Girls Whose High School Yearbook Photos Underwent 'Modesty Editing' Speak Out
Inside Edition spoke to two high schoolers whose school digitally altered their yearbook photos to cover up more of their chests. "It's all based on the sexualization of young women’s bodies," one of the girls said.
Riley O’Keefe’s original photo had a black bar digitally added to the top of her shirt.
“I flipped through the yearbook and saw how many girls' chests were edited, and I got very upset, because it was so unnecessary. And not only that, the photoshopping job was so awful, that girls were getting bullied for it,” O’Keefe told Inside Edition.
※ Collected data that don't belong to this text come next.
(* Let $d$ be a metric on $\mathbb R^n$ induced by a norm, let $\{\mathbb R^n;w_1,\dots,w_N;p_1,\dots,p_N\}$ be a hyperbolic IFS (contractions $w_i$ on $(\mathbb R^n,d)$, constant probabilities $p_i\in(0,1]$, $\sum_ip_i=1$) with attractor $A_\infty$. For $\delta>0$ let $\{\mathcal D^n(\delta);\tilde w_1,\dots,\tilde w_N;p_1,\dots,p_N\}$ be the DIFS with the same constant probabilities, where $\tilde w_i$ is the $\delta$-roundoff of $w_i$, and let $\mathcal A_{\mathcal F}(\delta)$ be the family of all positive recurrent communication classes of its associated Markov chain. Then $$\lim_{\delta\to0}\mathcal A_k^+(\delta)=A_\infty$$ in the Hausdorff metric induced by $d$, where for each $\delta$, $\mathcal A_k^+(\delta)$ is any set from $\mathcal A_{\mathcal F}(\delta)$.
   Context: For $m\in\mathbb Z^n$, $C_\delta(m)=\prod_{j=1}^n[(m_j-\tfrac12)\delta,(m_j+\tfrac12)\delta)$; $\mathcal D^n(\delta)=\{\delta m:m\in\mathbb Z^n\}\subset\mathbb R^n$. The $\delta$-roundoff of $x$ is $\tilde x=\delta m$ where $x\in C_\delta(m)$; the $\delta$-roundoff of $w$ is $\tilde w(\tilde x)=\widetilde{w(\tilde x)}$ on $\mathcal D^n(\delta)$. The attractor of the hyperbolic IFS is the unique nonempty compact $A_\infty$ with $A_\infty=\bigcup_iw_i(A_\infty)$. The associated Markov chain of the DIFS has transition probabilities $P(\tilde x,\tilde y)=\sum_ip_i\mathbf 1_{\{\tilde y\}}(\tilde w_i(\tilde x))$ on $\mathcal D^n(\delta)$. Accessibility: $P^k(\tilde x,\tilde y)>0$ for some $k\ge1$; a communication class is a maximal nonempty set of mutually accessible states; a state is positive recurrent if the chain started there returns a.s. with finite expected return time; a positive recurrent communication class is a communication class of positive recurrent states. *)

theory Defs
  imports "HOL-Analysis.Analysis"
begin

definition is_norm :: "(real^'n \<Rightarrow> real) \<Rightarrow> bool" where
  "is_norm nrm \<longleftrightarrow> (\<forall>x. nrm x = 0 \<longleftrightarrow> x = 0) \<and>
     (\<forall>x y. nrm (x + y) \<le> nrm x + nrm y) \<and> (\<forall>c x. nrm (c *\<^sub>R x) = \<bar>c\<bar> * nrm x)"

definition contraction_wrt :: "(real^'n \<Rightarrow> real^'n \<Rightarrow> real) \<Rightarrow> (real^'n \<Rightarrow> real^'n) \<Rightarrow> bool" where
  "contraction_wrt d f \<longleftrightarrow> (\<exists>s. 0 \<le> s \<and> s < 1 \<and> (\<forall>x y. d (f x) (f y) \<le> s * d x y))"

text \<open>Hausdorff distance w.r.t. a metric d, valued in [0,\<infinity>] (no truncation for unbounded sets).\<close>
definition hausdorff_dist :: "('a \<Rightarrow> 'a \<Rightarrow> real) \<Rightarrow> 'a set \<Rightarrow> 'a set \<Rightarrow> ennreal" where
  "hausdorff_dist d A B = max (SUP a\<in>A. INF b\<in>B. ennreal (d a b)) (SUP b\<in>B. INF a\<in>A. ennreal (d a b))"

definition cell :: "real \<Rightarrow> (int^'n) \<Rightarrow> (real^'n) set" where
  "cell \<delta> m = {x. \<forall>j. (real_of_int (m$j) - 1/2) * \<delta> \<le> x$j \<and> x$j < (real_of_int (m$j) + 1/2) * \<delta>}"

definition lattice :: "real \<Rightarrow> (real^'n) set" where
  "lattice \<delta> = {\<delta> *\<^sub>R (\<chi> j. real_of_int (m$j)) | m :: int^'n. True}"

text \<open>\<delta>-roundoff: \<delta> m where x lies in cell \<delta> m, i.e. m_j = floor(x_j/\<delta> + 1/2).\<close>
definition roundoff :: "real \<Rightarrow> real^'n \<Rightarrow> real^'n" where
  "roundoff \<delta> x = (\<chi> j. \<delta> * real_of_int \<lfloor>x$j / \<delta> + 1/2\<rfloor>)"

primrec Pk :: "nat \<Rightarrow> (nat \<Rightarrow> real^'n \<Rightarrow> real^'n) \<Rightarrow> (nat \<Rightarrow> real) \<Rightarrow> real \<Rightarrow>
    nat \<Rightarrow> real^'n \<Rightarrow> real^'n \<Rightarrow> real" where
  "Pk M w p \<delta> 0 x y = (if x = y then 1 else 0)"
| "Pk M w p \<delta> (Suc k) x y = (\<Sum>i<M. p i * Pk M w p \<delta> k (roundoff \<delta> (w i x)) y)"

text \<open>First-passage probabilities: probability that the chain from x first hits y at step k (k \<ge> 1).\<close>
primrec fpass :: "nat \<Rightarrow> (nat \<Rightarrow> real^'n \<Rightarrow> real^'n) \<Rightarrow> (nat \<Rightarrow> real) \<Rightarrow> real \<Rightarrow>
    nat \<Rightarrow> real^'n \<Rightarrow> real^'n \<Rightarrow> real" where
  "fpass M w p \<delta> 0 x y = 0"
| "fpass M w p \<delta> (Suc k) x y = (\<Sum>i<M. p i *
      (if roundoff \<delta> (w i x) = y then (if k = 0 then 1 else 0)
       else fpass M w p \<delta> k (roundoff \<delta> (w i x)) y))"

definition accessible where
  "accessible M w p \<delta> x y \<longleftrightarrow> (\<exists>k\<ge>1. Pk M w p \<delta> k x y > 0)"

definition mutually_accessible where
  "mutually_accessible M w p \<delta> C \<longleftrightarrow>
     (\<forall>x\<in>C. \<forall>y\<in>C. accessible M w p \<delta> x y \<and> accessible M w p \<delta> y x)"

definition communication_class where
  "communication_class M w p \<delta> C \<longleftrightarrow> C \<noteq> {} \<and> C \<subseteq> lattice \<delta> \<and>
     mutually_accessible M w p \<delta> C \<and>
     (\<forall>D. C \<subseteq> D \<and> D \<subseteq> lattice \<delta> \<and> mutually_accessible M w p \<delta> D \<longrightarrow> D = C)"

text \<open>Positive recurrence: return a.s. (first-return probabilities sum to 1) with finite
  expected return time.\<close>
definition positive_recurrent where
  "positive_recurrent M w p \<delta> x \<longleftrightarrow>
     (\<lambda>k. fpass M w p \<delta> k x x) sums 1 \<and> summable (\<lambda>k. real k * fpass M w p \<delta> k x x)"

definition pos_rec_class where
  "pos_rec_class M w p \<delta> C \<longleftrightarrow> communication_class M w p \<delta> C \<and>
     (\<forall>x\<in>C. positive_recurrent M w p \<delta> x)"

end

theory Submission
  imports Defs
begin

text \<open>Rounding off moves a point by at most \<open>e = \<delta> K / 2\<close>, where \<open>K\<close> is the sum of the norms of
  the unit vectors. With a common contraction factor \<open>s\<close> and \<open>E = e / (1 - s)\<close>, applying the same
  map \<open>w i\<close>, rounded to one point and exact to another, turns their distance \<open>d\<close> into a
  distance \<open>d'\<close> with \<open>d' - E \<le> s (d - E)\<close>. A positive recurrent class \<open>C\<close> is closed under
  the rounded maps (a state that can be left for good is not recurrent), and each of its points
  lies on a cycle. Shadowing such a cycle, traversed many times, by exact orbits in \<open>A\<close> puts every
  point of \<open>C\<close> within \<open>E\<close> of \<open>A\<close>; shadowing long backward orbits in \<open>A\<close> by rounded orbits
  in \<open>C\<close> puts every point of \<open>A\<close> within \<open>E\<close> of \<open>C\<close>. Hence the Hausdorff distance is
  \<open>O(\<delta>)\<close>.\<close>

lemma is_norm_zero: "is_norm nrm \<Longrightarrow> nrm 0 = 0"
  by (simp add: is_norm_def)

lemma is_norm_minus: "is_norm nrm \<Longrightarrow> nrm (- x) = nrm x"
  unfolding is_norm_def by (metis abs_minus_cancel abs_one mult_1 scaleR_minus1_left)

lemma is_norm_triangle: "is_norm nrm \<Longrightarrow> nrm (x + y) \<le> nrm x + nrm y"
  by (simp add: is_norm_def)

lemma is_norm_scaleR: "is_norm nrm \<Longrightarrow> nrm (c *\<^sub>R x) = \<bar>c\<bar> * nrm x"
  by (simp add: is_norm_def)

lemma is_norm_nonneg:
  assumes "is_norm nrm"
  shows "0 \<le> nrm x"
proof -
  have "nrm (x + - x) \<le> nrm x + nrm (- x)" by (rule is_norm_triangle[OF assms])
  then show ?thesis using assms by (simp add: is_norm_zero is_norm_minus)
qed

lemma is_norm_triangle_diff: "is_norm nrm \<Longrightarrow> nrm (x - z) \<le> nrm (x - y) + nrm (y - z)"
  using is_norm_triangle[of nrm "x - y" "y - z"] by simp

lemma is_norm_sum_le:
  assumes "is_norm nrm"
  shows "nrm (\<Sum>i\<in>S. f i) \<le> (\<Sum>i\<in>S. nrm (f i))"
proof (induction S rule: infinite_finite_induct)
  case (insert x F)
  then show ?case using is_norm_triangle[OF assms, of "f x" "sum f F"] by simp
qed (simp_all add: is_norm_zero[OF assms])

lemma is_norm_le_sum_components:
  assumes "is_norm nrm"
  shows "nrm (v::real^'n) \<le> (\<Sum>j\<in>UNIV. \<bar>v$j\<bar> * nrm (axis j 1))"
proof -
  have "nrm v = nrm (\<Sum>j\<in>UNIV. (v$j) *\<^sub>R axis j (1::real))"
    by (metis basis_expansion scalar_mult_eq_scaleR)
  also have "\<dots> \<le> (\<Sum>j\<in>UNIV. nrm ((v$j) *\<^sub>R axis j (1::real)))"
    by (rule is_norm_sum_le[OF assms])
  finally show ?thesis by (simp add: is_norm_scaleR[OF assms])
qed

lemma is_norm_le_norm:
  assumes "is_norm nrm"
  shows "nrm (v::real^'n) \<le> (\<Sum>j\<in>UNIV. nrm (axis j (1::real))) * norm v"
proof -
  have "nrm v \<le> (\<Sum>j\<in>UNIV. \<bar>v$j\<bar> * nrm (axis j 1))" by (rule is_norm_le_sum_components[OF assms])
  also have "\<dots> \<le> (\<Sum>j\<in>UNIV. norm v * nrm (axis j 1))"
    by (intro sum_mono mult_right_mono component_le_norm_cart is_norm_nonneg[OF assms])
  finally show ?thesis by (simp add: sum_distrib_left mult.commute)
qed

lemma roundoff_component_error:
  assumes "0 < \<delta>"
  shows "\<bar>(roundoff \<delta> u - u)$j\<bar> \<le> \<delta> / 2"
proof -
  let ?t = "u$j / \<delta> + 1/2"
  have "real_of_int \<lfloor>?t\<rfloor> \<le> ?t" "?t < real_of_int \<lfloor>?t\<rfloor> + 1"
    by (rule of_int_floor_le, rule real_of_int_floor_add_one_gt)
  then have "\<delta> * real_of_int \<lfloor>?t\<rfloor> \<le> \<delta> * ?t" "\<delta> * ?t \<le> \<delta> * (real_of_int \<lfloor>?t\<rfloor> + 1)"
    using assms by simp_all
  moreover have "\<delta> * ?t = u$j + \<delta>/2" using assms by (simp add: field_simps)
  ultimately show ?thesis
    unfolding roundoff_def vector_minus_component vec_lambda_beta abs_le_iff distrib_left by linarith
qed

lemma roundoff_error:
  assumes "is_norm nrm" "0 < \<delta>"
  shows "nrm (roundoff \<delta> u - (u::real^'n)) \<le> \<delta> / 2 * (\<Sum>j\<in>UNIV. nrm (axis j (1::real)))"
proof -
  have "nrm (roundoff \<delta> u - u) \<le> (\<Sum>j\<in>UNIV. \<bar>(roundoff \<delta> u - u)$j\<bar> * nrm (axis j 1))"
    by (rule is_norm_le_sum_components[OF assms(1)])
  also have "\<dots> \<le> (\<Sum>j\<in>UNIV. \<delta> / 2 * nrm (axis j (1::real)))"
    by (intro sum_mono mult_right_mono roundoff_component_error assms(2) is_norm_nonneg[OF assms(1)])
  finally show ?thesis by (simp add: sum_distrib_left)
qed

lemma roundoff_in_lattice: "roundoff \<delta> u \<in> lattice \<delta>"
  unfolding lattice_def roundoff_def
  by (rule CollectI, rule exI[of _ "\<chi> j. \<lfloor>u$j / \<delta> + 1/2\<rfloor>"]) (simp add: vec_eq_iff)

lemma uniform_contraction_factor:
  fixes M :: nat
  assumes "\<forall>i<M. contraction_wrt d (w i)" and d_nonneg: "\<And>x y. 0 \<le> d x y"
  shows "\<exists>s. 0 \<le> s \<and> s < 1 \<and> (\<forall>i<M. \<forall>x y. d (w i x) (w i y) \<le> s * d x y)"
  using assms(1)
proof (induction M)
  case 0
  show ?case by (intro exI[of _ 0]) simp
next
  case (Suc M)
  then obtain s where s: "0 \<le> s" "s < 1" "\<forall>i<M. \<forall>x y. d (w i x) (w i y) \<le> s * d x y"
    by auto
  obtain t where t: "0 \<le> t" "t < 1" "\<forall>x y. d (w M x) (w M y) \<le> t * d x y"
    using Suc.prems unfolding contraction_wrt_def by blast
  have "d (w i x) (w i y) \<le> max s t * d x y" if "i < Suc M" for i x y
  proof -
    have "d (w i x) (w i y) \<le> s * d x y \<or> d (w i x) (w i y) \<le> t * d x y"
      using that s(3) t(3) less_Suc_eq by auto
    moreover have "s * d x y \<le> max s t * d x y" "t * d x y \<le> max s t * d x y"
      using d_nonneg by (simp_all add: mult_right_mono)
    ultimately show ?thesis by linarith
  qed
  then show ?case using s t by (intro exI[of _ "max s t"]) auto
qed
Elizabeth McCurdy also had her photo digitally altered in a process Bartram Trail High School called “modesty editing.”
“I wear this shirt all the time. I wear it all the time. and I’ve never had an issue,” McCurdy told Inside Edition.
In total, 80 photos were deemed “inappropriate” by the school and digitally altered. All of them were of girls.
O’Keefe’s and McCurdy’s mothers said they could not believe it.
“As soon as I saw the photo of Liz and what it was like and how they photoshopped it, I was livid,” McCurdy’s stepmom Natasha Neuberger said.
“Riley and I, when we got the yearbook, we went back up to school and asked the assistant principal if she was in dress code, and she was in fact in dress code and her picture was still edited,” O’Keefe’s mom Stephanie Fabre said.
They say their school outside Jacksonville applied a double standard, because photos of the boys swim team, who were pictured wearing speedos, were not edited at all.
“To think about the fact that they're looking at every girls’ top half to see if anything’s showing is just weird to me. And I know they didn't do that with the boys,” McCurdy said.
The moms and daughters say that by covering their bodies in the yearbook, the wrong message was sent.
“It’s all based on the sexualization of young women’s bodies, and in general, that whole view needs to be taken away, especially because young men’s bodies are not seen the same way,” O’Keefe said.
The school district did offer refunds to any student who was photoshopped, with the stipulation that they would have to give their yearbooks back.